地下の休憩所
ベルナンディアの自然魔法で地下を掘り進めていく。
大きく座標がズレないよう、ゆるやかに螺旋を描くように下っていくことにした。
隊列は穴を掘るベルナンディアを先頭に魔法で灯りをともすネムリ、俺。後ろから殿を守るエルスラに「敵影感知」で警戒するケイウッド、間に挟まれる形でメルティエだ。

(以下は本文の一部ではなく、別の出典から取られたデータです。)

lemma tree_realizing_exists:
  assumes "finite X" "\<forall>c\<in>X. 2 \<le> c"
  shows "\<exists>V E s l. is_tree V E \<and> l \<in> V \<and> sdeg E s l = 1
    \<and> sdeg E s ` (V - {l}) = {1, 0} \<union> X \<and> int (card V) = 4 + (\<Sum>c\<in>X. c - 1)"
  using assms
proof (induction X rule: finite_induct)
  case empty
  then show ?case using four_vertex_base_tree by simp
next
  case (insert c X)
  then obtain V E s l where "is_tree V E" "l \<in> V" "sdeg E s l = 1"
    and img: "sdeg E s ` (V - {l}) = {1, 0} \<union> X" and card: "int (card V) = 4 + (\<Sum>c\<in>X. c - 1)"
    by auto
  moreover have "2 \<le> c" using insert.prems by simp
  ultimately obtain V' E' s' l' where "is_tree V' E'" "l' \<in> V'" "sdeg E' s' l' = 1"
    "sdeg E' s' ` (V' - {l'}) = {1, 0} \<union> insert c X" "card V' = card V + nat (c - 1)"
    using tree_raise_leaf[of V E l s c] by auto
  moreover have "int (card V') = 4 + (\<Sum>c\<in>insert c X. c - 1)"
    using card \<open>card V' = card V + nat (c - 1)\<close> \<open>2 \<le> c\<close> insert.hyps by simp
  ultimately show ?case by blast
qed

lemma sum_mono_two_strict:
  fixes f g :: "'a \<Rightarrow> int"
  assumes "finite A" "\<And>a. a \<in> A \<Longrightarrow> f a \<le> g a"
    and "p \<in> A" "q \<in> A" "p \<noteq> q" "f p < g p" "f q < g q"
  shows "sum f A + 2 \<le> sum g A"
proof -
  have "{p, q} \<subseteq> A" using assms(3,4) by simp
  then have split: "sum h A = sum h (A - {p, q}) + (h p + h q)" for h :: "'a \<Rightarrow> int"
    using sum.subset_diff[of "{p, q}" A h] assms(1,5) by simp
  have "sum f (A - {p, q}) \<le> sum g (A - {p, q})"
    by (intro sum_mono) (use assms(2) in auto)
  then show ?thesis using split[of f] split[of g] assms(6,7) by linarith
qed

lemma sdeg_zero_negative_neighbour:
  assumes g: "is_graph V E" and w: "sdeg E s w = 0" "1 \<le> degree E w"
  obtains y where "y \<in> V" "y \<noteq> w" "2 \<le> degree E w" "sdeg E s y + 2 \<le> int (degree E y)"
proof -
  let ?neg = "\<lambda>u. card {e \<in> E. u \<in> e \<and> \<not> s e}"
  have deg: "int (degree E u) = sdeg E s u + 2 * int (?neg u)" for u
    using degree_eq_sdeg_plus_neg[OF is_graph_finite_edges[OF g]] .
  have "0 < ?neg w" using deg[of w] w by simp
  then have "2 \<le> degree E w" using deg[of w] w(1) by simp
  from \<open>0 < ?neg w\<close> have "{e \<in> E. w \<in> e \<and> \<not> s e} \<noteq> {}" by (metis card.empty less_irrefl)
  then obtain e where e: "e \<in> E" "w \<in> e" "\<not> s e" by blast
  then obtain y where y: "e = {w, y}" using is_graph_edge_other[OF g] by metis
  have "0 < ?neg y"
    using e y is_graph_finite_edges[OF g] card_gt_0_iff[of "{e \<in> E. y \<in> e \<and> \<not> s e}"] by auto
  then have "sdeg E s y + 2 \<le> int (degree E y)" using deg[of y] by simp
  moreover have "y \<noteq> w" "y \<in> V" using is_graph_edge_endpoints[OF g] e(1) y by auto
  ultimately show thesis using that \<open>2 \<le> degree E w\<close> by blast
qed

lemma card_realizing_tree_ge:
  assumes r: "realizes V E s ({1, 0} \<union> X)" and X: "\<forall>c\<in>X. 1 < c"
  shows "4 + (\<Sum>c\<in>X. c - 1) \<le> int (card V)"
proof -
  have t: "is_tree V E" and img: "sdeg E s ` V = {1, 0} \<union> X" using r unfolding realizes_def by auto
  have g: "is_graph V E" using t unfolding is_tree_def by simp
  have fV: "finite V" and fE: "finite E" using g is_graph_finite_edges unfolding is_graph_def by auto
  have nonneg: "0 \<le> sdeg E s u" if "u \<in> V" for u
  proof -
    have "sdeg E s u \<in> {1, 0} \<union> X" using that img by blast
    then show ?thesis using X by auto
  qed
  have "0 \<in> sdeg E s ` V" "1 \<in> sdeg E s ` V" using img by simp_all
  then obtain w v1 where w: "w \<in> V" "sdeg E s w = 0" and v1: "v1 \<in> V" "sdeg E s v1 = 1"
    by (metis imageE)
  have deg_pos: "1 \<le> degree E u" if "u \<in> V" for u
    using tree_degree_pos[OF t that] w v1 that by (cases "u = w") force+
  obtain y where y: "y \<in> V" "y \<noteq> w" and deg_w: "2 \<le> degree E w"
    and deg_y: "sdeg E s y + 2 \<le> int (degree E y)"
    using sdeg_zero_negative_neighbour[OF g w(2) deg_pos[OF w(1)]] by metis
  define excess :: "int \<Rightarrow> int" where "excess c = max 0 (c - 1)" for c
  have "(\<Sum>c\<in>X. c - 1) = (\<Sum>c\<in>X. excess c)"
    using X unfolding excess_def by (intro sum.cong) auto
  also have "\<dots> \<le> (\<Sum>c\<in>sdeg E s ` V. excess c)"
    by (rule sum_mono2[OF finite_imageI[OF fV]]) (use img in \<open>auto simp: excess_def\<close>)
  also have "\<dots> \<le> (\<Sum>u\<in>V. excess (sdeg E s u))"
    using sum_image_le[OF fV, of excess "sdeg E s"] unfolding excess_def by (simp add: comp_def)
  also have "\<dots> + 2 \<le> (\<Sum>u\<in>V. int (degree E u) - 1)"
  proof (rule sum_mono_two_strict[OF fV _ w(1) y(1) y(2)[symmetric]])
    show "excess (sdeg E s u) \<le> int (degree E u) - 1" if "u \<in> V" for u
      using degree_eq_sdeg_plus_neg[OF fE, of u s] deg_pos[OF that] unfolding excess_def by simp
    show "excess (sdeg E s w) < int (degree E w) - 1"
      using deg_w w(2) unfolding excess_def by simp
    show "excess (sdeg E s y) < int (degree E y) - 1"
      using deg_y nonneg[OF y(1)] unfolding excess_def by simp
  qed
  also have "\<dots> \<le> int (card V) - 2" using tree_sum_degree_le[OF t] .
  finally show ?thesis by simp
qed

lemma sigma_eqI:
  assumes "realizes V E s D" "\<And>V' E' s'. realizes V' E' s' D \<Longrightarrow> card V \<le> card V'"
  shows "sigma D = card V"
  unfolding sigma_def using assms by (intro Least_equality) blast+

lemma sigma_one_zero_union:
  assumes "finite X" "\<forall>c\<in>X. 1 < c"
  shows "int (sigma ({1, 0} \<union> X)) = 4 + (\<Sum>c\<in>X. c - 1)"
proof -
  obtain V E s l where t: "is_tree V E" and l: "l \<in> V" "sdeg E s l = 1"
    and img: "sdeg E s ` (V - {l}) = {1, 0} \<union> X" and card: "int (card V) = 4 + (\<Sum>c\<in>X. c - 1)"
    using tree_realizing_exists[OF assms(1)] assms(2) by fastforce
  have "sdeg E s ` V = insert (sdeg E s l) (sdeg E s ` (V - {l}))" using l(1) by blast
  then have "realizes V E s ({1, 0} \<union> X)" using t l(2) img unfolding realizes_def by simp
  then have "sigma ({1, 0} \<union> X) = card V"
    using card card_realizing_tree_ge[OF _ assms(2)] by (intro sigma_eqI) force+
  with card show ?thesis by simp
qed

theorem mainTheorem12:
  fixes n :: nat and x :: "nat \<Rightarrow> int"
  assumes "n \<ge> 1"
    and "inj_on x {1..n}"
    and "\<forall>i\<in>{1..n}. x i > 1"
  shows "int (sigma ({1, 0} \<union> x ` {1..n})) = 4 - int n + (\<Sum>i=1..n. x i)"
proof -
  have "int (sigma ({1, 0} \<union> x ` {1..n})) = 4 + (\<Sum>c\<in>x ` {1..n}. c - 1)"
    using assms(3) by (intro sigma_one_zero_union) auto
  also have "(\<Sum>c\<in>x ` {1..n}. c - 1) = (\<Sum>i=1..n. x i - 1)"
    using sum.reindex[OF assms(2)] by simp
  also have "\<dots> = (\<Sum>i=1..n. x i) - int n" by (simp add: sum_subtractf)
  finally show ?thesis by simp
qed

ケイウッドのスキルで予見されたロック・ワームはベルナンディアが両断してどんどん進み、数時間が経とうとしていた。
「すこし休憩するかの」
狭い穴ぐらを延々と進むのは精神が摩耗する。
俺はベルナンディアの提案に賛成した。
やや広めに空間を掘削し、そこを休憩所とした。
「あ〜、なんか地味に疲れるな」
「閉所に居続けるのはなかなか気が滅入るもんだな」
俺が「無限の宝庫」から出した水袋と簡単な焼き菓子をケイウッドに渡してやる。
メルティエが焼き菓子を口にしつつ、
「目的地はまだだいぶ先なのですか?」
水を口にふくんだベルナンディアが答えた。
「言い伝えでは国の直下、深いところに巨大な地下空洞があるという話じゃが、どれほどの深さかは見当がつかんの。ましてや崩落を避けるため大きく迂回して下っておるから、いつごろ着くかは神のみぞ知る、じゃな」
この返答にはメルティエだけでなくケイウッドも大きなため息を漏らした。
ある程度の道幅が確保されているダンジョンや開けた野外ならまだしも、警戒しながら黙々と細くて狭い地下道を下っていくのは思った以上にしんどいものだ。
「ネムリは疲れてないか?」
「うん! ベルが掘った土からたまに出てくるキラキラした石とか見るの楽しいよ!」
ネムリは子供らしい純真さで鉱石などの初めて目にする物珍しいものに好奇心が満たされているようだった。
このあたりは大人と子供の差なのだろうな。
「エルスラは疲れてないか?」
「問題ありません」
一応、スライムであるエルスラにも声をかけたが元々モンスターである彼女にとって閉鎖空間での作業はあまり苦にならないようだ。
このあたりは人間や亜人種とモンスターの精神構造の違いなのかもしれない。
腰を下ろして一服し、調査を再開しようとした時、ケイウッドがするどい声をあげた。